Le premier moment du réveil, après un malheur et dans une situation embarrassée, est un moment bien cruel. L’esprit, à peine revenu à lui-même, court aux idées habituelles de la vie tranquille qui a précédé ; mais la pensée du nouvel état de choses vient tout aussitôt s’y présenter brusquement, et cette rapide comparaison rend le déplaisir plus vif encore. Don Abbondio, après qu’il eut subi ce moment dans toute son amertume, ne tarda point cependant à récapituler ses desseins de la nuit, s’y confirma, leur donna un meilleur ordre, se leva et se mit à attendre Renzo dans un état de crainte et d’impatience tout ensemble.
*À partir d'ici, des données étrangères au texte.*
text \<open>The numerical constants of the theorem: \<open>\<pi>\<surd>5 + \<pi>\<^sup>2/\<surd>2 \<approx> 14.0 \<le> 15\<close>.\<close>
lemma bound_constants:
  fixes r a b :: real
  assumes "0 \<le> r" "a \<le> pi / 2 * (sqrt 5 * r)" "b \<le> pi / 2 * (sqrt 2 * pi * r)"
  shows "a \<le> pi * sqrt 5 / 2 * r \<and> b \<le> pi\<^sup>2 / sqrt 2 * r \<and> 2 * a + b \<le> 15 * r"
proof -
  have pi: "pi \<le> 3.15" using pi_approx by simp
  have s5: "sqrt 5 \<le> 2.25" by (rule real_le_lsqrt) (auto simp: power2_eq_square)
  have s2: "sqrt 2 \<le> 1.5" by (rule real_le_lsqrt) (auto simp: power2_eq_square)
  have sqrt2: "pi / 2 * (sqrt 2 * pi) = pi\<^sup>2 / sqrt 2"
  proof -
    have "sqrt 2 / 2 = 1 / sqrt 2" by (simp add: field_simps)
    then show ?thesis by (simp add: power2_eq_square field_simps)
  qed
  have a: "a \<le> pi * sqrt 5 / 2 * r" using assms(2) by simp
  have b: "b \<le> pi\<^sup>2 / sqrt 2 * r" using assms(3) sqrt2 by (metis mult.assoc)
  have "pi * sqrt 5 \<le> 3.15 * 2.25" using pi s5 by (intro mult_mono) auto
  moreover have "pi\<^sup>2 * sqrt 2 \<le> 3.15\<^sup>2 * 1.5"
    using pi s2 by (intro mult_mono power_mono) auto
  moreover have "pi\<^sup>2 / sqrt 2 = pi\<^sup>2 * sqrt 2 / 2" by (simp add: field_simps)
  ultimately have "pi * sqrt 5 + pi\<^sup>2 / sqrt 2 \<le> 15" by (simp add: power2_eq_square)
  then have "(pi * sqrt 5 + pi\<^sup>2 / sqrt 2) * r \<le> 15 * r"
    using assms(1) by (rule mult_right_mono)
  then have "2 * a + b \<le> 15 * r" using a b by (simp add: algebra_simps)
  with a b show ?thesis by blast
qed

theorem mainTheorem10:
  fixes XX :: "('n::finite \<Rightarrow> 'a::finite) set"
    and rv sv :: "('n \<Rightarrow> 'a) \<Rightarrow> complex^'d::finite"
    and u v :: "('n \<Rightarrow> 'a) \<Rightarrow> 'n \<Rightarrow> complex^'m::finite"
    and W eps :: real and x :: "'n \<Rightarrow> 'a"
  assumes unit_r: "\<forall>y\<in>XX. norm (rv y) = 1"
    and unit_s: "\<forall>y\<in>XX. norm (sv y) = 1"
    and W_def: "W = adv_star XX (gram XX rv) (gram XX sv)"
    and W_pos: "W > 0"
    and decomp: "\<forall>y\<in>XX. \<forall>z\<in>XX. gram XX rv $ y $ z - gram XX sv $ y $ z
                   = (\<Sum>i\<in>UNIV. Delta i $ y $ z * cinner (u y i) (v z i))"
    and u_bnd: "\<forall>y\<in>XX. (\<Sum>i\<in>UNIV. (norm (u y i))\<^sup>2) \<le> W"
    and v_bnd: "\<forall>y\<in>XX. (\<Sum>i\<in>UNIV. (norm (v y i))\<^sup>2) \<le> W"
    and eps: "0 < eps" "eps \<le> 1"
    and x: "x \<in> XX"
  defines "P \<equiv> \<lambda>s. outer (psi_plus rv sv u W s eps x) (psi_plus rv sv u W s eps x)"
    and "X \<equiv> \<lambda>s. (pi / (2 * norm (Psi_plus rv sv u W s eps x))) *\<^sub>R
                   outer (Psi_minus rv sv v W s eps x) (psi_plus rv sv u W s eps x)"
    and "H \<equiv> \<lambda>s. H_x XX rv sv v W s eps x"
  shows "(\<forall>s\<in>{0..1}. H s ** X s - X s ** H s = H s ** X s
                  \<and> H s ** X s = vector_derivative P (at s) ** P s)
       \<and> (W \<ge> eps / 2 \<longrightarrow> (\<forall>s\<in>{0..1}.
            opnorm (X s) \<le> pi * sqrt 5 / 2 * (W / eps)
          \<and> opnorm (vector_derivative X (at s) ** P s) \<le> pi\<^sup>2 / sqrt 2 * (W / eps)
          \<and> 2 * opnorm (X s) + opnorm (vector_derivative X (at s) ** P s) \<le> 15 * (W / eps)))"
proof -
  have unit: "norm (rv x) = 1" "norm (sv x) = 1" using unit_r unit_s x by auto
  note at_x = psi_plus_deriv norm_psi_plus cinner_k_minus_psi_plus norm_Psi_plus
    norm_Psi_minus_le norm_dPsi_minus_le
  note at_x = at_x[where rv = rv and sv = sv and x = x, OF unit]
  have orth: "\<forall>y\<in>XX. cinner (Psi_plus rv sv u W s eps x) (Psi_minus rv sv v W s eps y) = 0" for s
    using x decomp W_pos eps by (auto simp: gram_def intro!: cinner_Psi_plus_Psi_minus)
  define c where "c = pi / (2 * N_plus u W eps x)"
  have c: "0 \<le> c" "c \<le> pi / 2"
    using N_plus_ge_1[of u W eps x] by (auto simp: c_def field_simps)
  have X_eq: "X = (\<lambda>s. outer (c *\<^sub>R Psi_minus rv sv v W s eps x) (psi_plus rv sv u W s eps x))"
    by (simp add: X_def c_def at_x(4) outer_scaleR_left)
  have core: "X s ** H s = 0" "H s ** X s = vector_derivative P (at s) ** P s"
      "vector_derivative X (at s) ** P s
         = outer (c *\<^sub>R dPsi_minus rv sv v W s eps x) (psi_plus rv sv u W s eps x)" for s
    using rank_one_adiabatic[OF at_x(1-3) Psi_minus_deriv psi_plus_perp_H_x[OF orth] H_x_Psi_minus[OF x]]
      eps unfolding X_eq P_def H_def c_def by auto
  have bounds: "opnorm (X s) \<le> pi / 2 * (sqrt 5 * (W / eps))
      \<and> opnorm (vector_derivative X (at s) ** P s) \<le> pi / 2 * (sqrt 2 * pi * (W / eps))"
    if "eps / 2 \<le> W" for s
    unfolding core(3) unfolding X_eq using that eps v_bnd x c
    by (intro conjI opnorm_scaled_outer_le at_x) auto
  show ?thesis
  proof (intro conjI ballI impI)
    fix s
    show "H s ** X s - X s ** H s = H s ** X s" by (simp add: core(1))
    show "H s ** X s = vector_derivative P (at s) ** P s" by (rule core(2))
    assume "eps / 2 \<le> W"
    moreover have "0 \<le> W / eps" using W_pos eps by simp
    ultimately have "opnorm (X s) \<le> pi * sqrt 5 / 2 * (W / eps)
      \<and> opnorm (vector_derivative X (at s) ** P s) \<le> pi\<^sup>2 / sqrt 2 * (W / eps)
      \<and> 2 * opnorm (X s) + opnorm (vector_derivative X (at s) ** P s) \<le> 15 * (W / eps)"
      using bounds[of s] by (intro bound_constants) blast+
    then show "opnorm (X s) \<le> pi * sqrt 5 / 2 * (W / eps)"
      and "opnorm (vector_derivative X (at s) ** P s) \<le> pi\<^sup>2 / sqrt 2 * (W / eps)"
      and "2 * opnorm (X s) + opnorm (vector_derivative X (at s) ** P s) \<le> 15 * (W / eps)"
      by blast+
  qed
qed

end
Lorenzo, ou, comme on l’appelait communément, Renzo, ne se fit pas attendre longtemps. Il ne vit pas plutôt arriver l’heure où il avait jugé pouvoir sans indiscrétion se présenter chez le curé, qu’il s’y rendit avec la joyeuse fougue d’un homme de vingt ans qui doit en ce jour épouser celle qu’il aime. Privé de ses parents depuis son adolescence, il exerçait le métier de fileur de soie, métier pour ainsi dire héréditaire dans sa famille, très-lucratif dans les années antérieures, et qui, au temps dont nous parlons, était déjà en décadence, mais non pas au point de ne pouvoir fournir à un bon ouvrier de quoi vivre honnêtement. L’ouvrage allait diminuant de jour en jour ; mais l’émigration continuelle des hommes de cette profession, attirés dans les États voisins par des promesses, des privilèges et de forts salaires, faisait que ceux qui restaient dans le pays trouvaient encore à s’occuper. De plus, Renzo possédait un petit champ qu’il faisait cultiver, ou cultivait lui-même quand la filature n’allait pas ; de sorte que, dans sa condition, il pouvait se dire à son aise. Et quoique cette année eût été encore plus pauvre en récoltes que les années précédentes, et qu’une véritable disette commençât à se faire sentir, notre jeune homme qui, depuis qu’il avait jeté les yeux sur Lucia, était devenu bon ménager, se trouvait suffisamment pourvu du nécessaire, et n’avait pas à lutter contre la faim. Il parut devant don Abbondio, bien endimanché, avec des plumes de diverses couleurs à son chapeau, son poignard au beau manche dans la poche de son haut-de-chausses, ayant une mine de fête et en même temps un certain air de hardiesse qui était alors commun, même chez les hommes les plus paisibles. L’accueil incertain et mystérieux de don Abbondio fit un contraste singulier avec les manières gaies et résolues du jeune homme.

« Il faut qu’il ait quelque chose par la tête, » pensa Renzo, et puis il dit : « Je suis venu, monsieur le curé, pour savoir à quelle heure il vous convient que nous nous trouvions à l’église.